I am trying to compute $\mathrm{gr}_m(P)$ where $m=\langle X,Y\rangle $ and $P=\langle X^2-Y^3\rangle$ in the power series ring $R=\mathbb C[[X,Y]]$ with the $m$-adic filtration and show that it is not a prime ideal.
I know $\mathrm{gr}_m(R)=\mathbb C[X,Y]$ and the filtration induced on $P$ is $$P_d=P\cap m^d=\{\text{multiples of }X^2-Y^3\text{ having order}\geq d \}=\{(X^2-Y^3)f:\text{ord }f\geq d-2 \}=(X^2-Y^3)m^{d-2}$$ for $d\geq 2$.
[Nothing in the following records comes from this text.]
(* For every integer $n\geq 4$, let $S_n$ be the star with $n$ vertices (one center adjacent to $n-1$ leaves). Then $\chi_L(S_n\odot\overline{K_1})=\lceil\sqrt{n}\rceil+1$.
   Context: All graphs are finite and simple. A $k$-coloring of a connected graph $G$ is a map $c:V(G)\to\{1,\dots,k\}$ with $c(u)\neq c(v)$ for adjacent $u,v$; it induces the partition $\Pi=\{C_1,\dots,C_k\}$ into color classes $C_i=c^{-1}(i)$. The color code of $v$ is $c_\Pi(v)=(d(v,C_1),\dots,d(v,C_k))$ with $d(v,C_i)=\min\{d(v,x): x\in C_i\}$ (graph distance). $c$ is a locating coloring if distinct vertices have distinct color codes; the locating-chromatic number $\chi_L(G)$ is the least $k$ for which a locating $k$-coloring exists. The corona product $G\odot H$ of a graph $G$ with vertex set $\{a_1,\dots,a_n\}$ and a graph $H$ is obtained from one copy of $G$ and $n$ disjoint copies of $H$ by joining $a_i$ to every vertex of the $i$-th copy of $H$. Thus $S_n\odot\overline{K_1}$ is the tree obtained from $S_n$ by attaching one new pendant vertex to each of its $n$ vertices. *)

theory Defs
  imports Complex_Main
begin

text \<open>A (simple) graph is a vertex set together with a symmetric, irreflexive
adjacency relation (on that vertex set).\<close>
type_synonym 'a graph = "'a set \<times> ('a \<Rightarrow> 'a \<Rightarrow> bool)"

definition verts :: "'a graph \<Rightarrow> 'a set" where "verts G = fst G"
definition adj :: "'a graph \<Rightarrow> 'a \<Rightarrow> 'a \<Rightarrow> bool" where "adj G = snd G"

definition is_walk :: "'a graph \<Rightarrow> 'a list \<Rightarrow> bool" where
  "is_walk G xs \<longleftrightarrow> xs \<noteq> [] \<and> set xs \<subseteq> verts G \<and>
     (\<forall>i. Suc i < length xs \<longrightarrow> adj G (xs ! i) (xs ! Suc i))"

definition gdist :: "'a graph \<Rightarrow> 'a \<Rightarrow> 'a \<Rightarrow> nat" where
  "gdist G u v = (LEAST k. \<exists>xs. is_walk G xs \<and> hd xs = u \<and> last xs = v \<and> length xs = Suc k)"

definition setdist :: "'a graph \<Rightarrow> 'a \<Rightarrow> 'a set \<Rightarrow> nat" where
  "setdist G v C = Min (gdist G v ` C)"

definition is_coloring :: "'a graph \<Rightarrow> nat \<Rightarrow> ('a \<Rightarrow> nat) \<Rightarrow> bool" where
  "is_coloring G k c \<longleftrightarrow> c ` verts G = {1..k} \<and>
     (\<forall>u\<in>verts G. \<forall>v\<in>verts G. adj G u v \<longrightarrow> c u \<noteq> c v)"

definition color_class :: "'a graph \<Rightarrow> ('a \<Rightarrow> nat) \<Rightarrow> nat \<Rightarrow> 'a set" where
  "color_class G c i = {x \<in> verts G. c x = i}"

definition color_code :: "'a graph \<Rightarrow> nat \<Rightarrow> ('a \<Rightarrow> nat) \<Rightarrow> 'a \<Rightarrow> nat list" where
  "color_code G k c v = map (\<lambda>i. setdist G v (color_class G c i)) [1..<Suc k]"

definition locating_coloring :: "'a graph \<Rightarrow> nat \<Rightarrow> ('a \<Rightarrow> nat) \<Rightarrow> bool" where
  "locating_coloring G k c \<longleftrightarrow> is_coloring G k c \<and> inj_on (color_code G k c) (verts G)"

definition locating_chromatic_number :: "'a graph \<Rightarrow> nat" where
  "locating_chromatic_number G = (LEAST k. \<exists>c. locating_coloring G k c)"

text \<open>Corona product G \<odot> H: a copy of G plus, for each vertex a of G, a copy of H
(vertices (a,h)) all of whose vertices are joined to a.\<close>
definition corona :: "'a graph \<Rightarrow> 'b graph \<Rightarrow> ('a + ('a \<times> 'b)) graph" where
  "corona G H =
    (Inl ` verts G \<union> {Inr (a, h) | a h. a \<in> verts G \<and> h \<in> verts H},
     (\<lambda>x y. case (x, y) of
        (Inl a, Inl b) \<Rightarrow> adj G a b
      | (Inr (a, h), Inr (b, h')) \<Rightarrow> a = b \<and> a \<in> verts G \<and> adj H h h'
      | (Inl a, Inr (b, h)) \<Rightarrow> a = b \<and> a \<in> verts G \<and> h \<in> verts H
      | (Inr (b, h), Inl a) \<Rightarrow> a = b \<and> a \<in> verts G \<and> h \<in> verts H))"

definition star :: "nat \<Rightarrow> nat graph" where
  "star n = ({0..<n}, (\<lambda>u v. u < n \<and> v < n \<and> ((u = 0 \<and> v \<noteq> 0) \<or> (v = 0 \<and> u \<noteq> 0))))"

definition compl_K1 :: "unit graph" where
  "compl_K1 = ({()}, (\<lambda>_ _. False))"

end

theory Submission
  imports Defs
begin

text \<open>The centre of the corona has \<open>n\<close> neighbours, each with exactly one further
  neighbour (for the pendant vertex of the centre this is the centre itself), so the graph
  consists of \<open>n\<close> spokes. In a locating colouring no two spokes carry the same pair of colours:
  otherwise the map exchanging them is a colour-preserving endomorphism, and since
  endomorphisms do not increase distances, the two inner vertices get the same colour code.
  The first colour of a pair avoids the colour of the centre and the second differs from the
  first, so \<open>n \<le> (k - 1)\<^sup>2\<close>. Conversely, for \<open>m = \<lceil>\<surd>n\<rceil>\<close> the spokes can be given distinct
  such pairs from \<open>m + 1\<close> colours, and then the own colour together with the colours of the
  closed neighbourhood, both of which are read off the colour code, separate all vertices.\<close>

lemma is_walk_iff_successively:
  "is_walk G xs \<longleftrightarrow> xs \<noteq> [] \<and> set xs \<subseteq> verts G \<and> successively (adj G) xs"
  by (simp add: is_walk_def successively_conv_nth)

definition connected :: "'a graph \<Rightarrow> bool" where
  "connected G \<longleftrightarrow> (\<forall>u\<in>verts G. \<forall>w\<in>verts G. \<exists>xs. is_walk G xs \<and> hd xs = u \<and> last xs = w)"

lemma connectedI_from_root:
  assumes sym: "\<And>x y. adj G x y \<Longrightarrow> adj G y x"
    and root: "\<And>v. v \<in> verts G \<Longrightarrow> \<exists>xs. is_walk G xs \<and> hd xs = z \<and> last xs = v"
  shows "connected G"
  unfolding connected_def
proof (intro ballI)
  fix u w assume "u \<in> verts G" "w \<in> verts G"
  then obtain xs ys where xs: "is_walk G xs" "hd xs = z" "last xs = u"
    and ys: "is_walk G ys" "hd ys = z" "last ys = w"
    using root by meson
  have "is_walk G (rev xs @ tl ys)" "hd (rev xs @ tl ys) = u" "last (rev xs @ tl ys) = w"
    using xs ys by (cases ys; cases "tl ys";
      auto simp: is_walk_iff_successively successively_append_iff hd_rev last_rev
      intro: successively_mono sym)+
  then show "\<exists>zs. is_walk G zs \<and> hd zs = u \<and> last zs = w" by blast
qed

definition closed_nbhd :: "'a graph \<Rightarrow> 'a \<Rightarrow> 'a set" where
  "closed_nbhd G u = {w \<in> verts G. w = u \<or> adj G u w}"

definition endomorphism :: "'a graph \<Rightarrow> ('a \<Rightarrow> 'a) \<Rightarrow> bool" where
  "endomorphism G h \<longleftrightarrow> h ` verts G \<subseteq> verts G \<and>
     (\<forall>x\<in>verts G. \<forall>y\<in>verts G. adj G x y \<longrightarrow> adj G (h x) (h y))"

lemma shortest_walk_exists:
  assumes "connected G" "u \<in> verts G" "w \<in> verts G"
  obtains xs where "is_walk G xs" "hd xs = u" "last xs = w" "length xs = Suc (gdist G u w)"
proof -
  obtain xs where xs: "is_walk G xs" "hd xs = u" "last xs = w"
    using assms unfolding connected_def by blast
  then have "length xs = Suc (length xs - 1)" by (cases xs) (auto simp: is_walk_def)
  with xs have "\<exists>k xs. is_walk G xs \<and> hd xs = u \<and> last xs = w \<and> length xs = Suc k"
    by blast
  from LeastI_ex[OF this] show ?thesis using that unfolding gdist_def by blast
qed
This shows $\frac{P_d}{P_{d+1}}$ is generated as a $\mathbb C$-module by $(X^2-Y^3)X^kY^l$ with $k+l=d-2$. The image of this in $\frac{m^d}{m^{d+1}}$ is $X^{k+2}Y^l$. So the ideal I end up with is $(X^2)$. Thus $\mathrm{gr}_m(P)$ corresponds to the ideal $(X^2)$ in $\mathbb C[X,Y]$ which is clearly not prime. We also get $$\mathrm{gr}_m(R/P)\cong \frac{\mathrm{gr}_m(R)}{\mathrm{gr}_m(P)}\cong \mathbb C[X,Y]/(X^2).$$
I hope the argument above is correct. Is there any other way I can see this?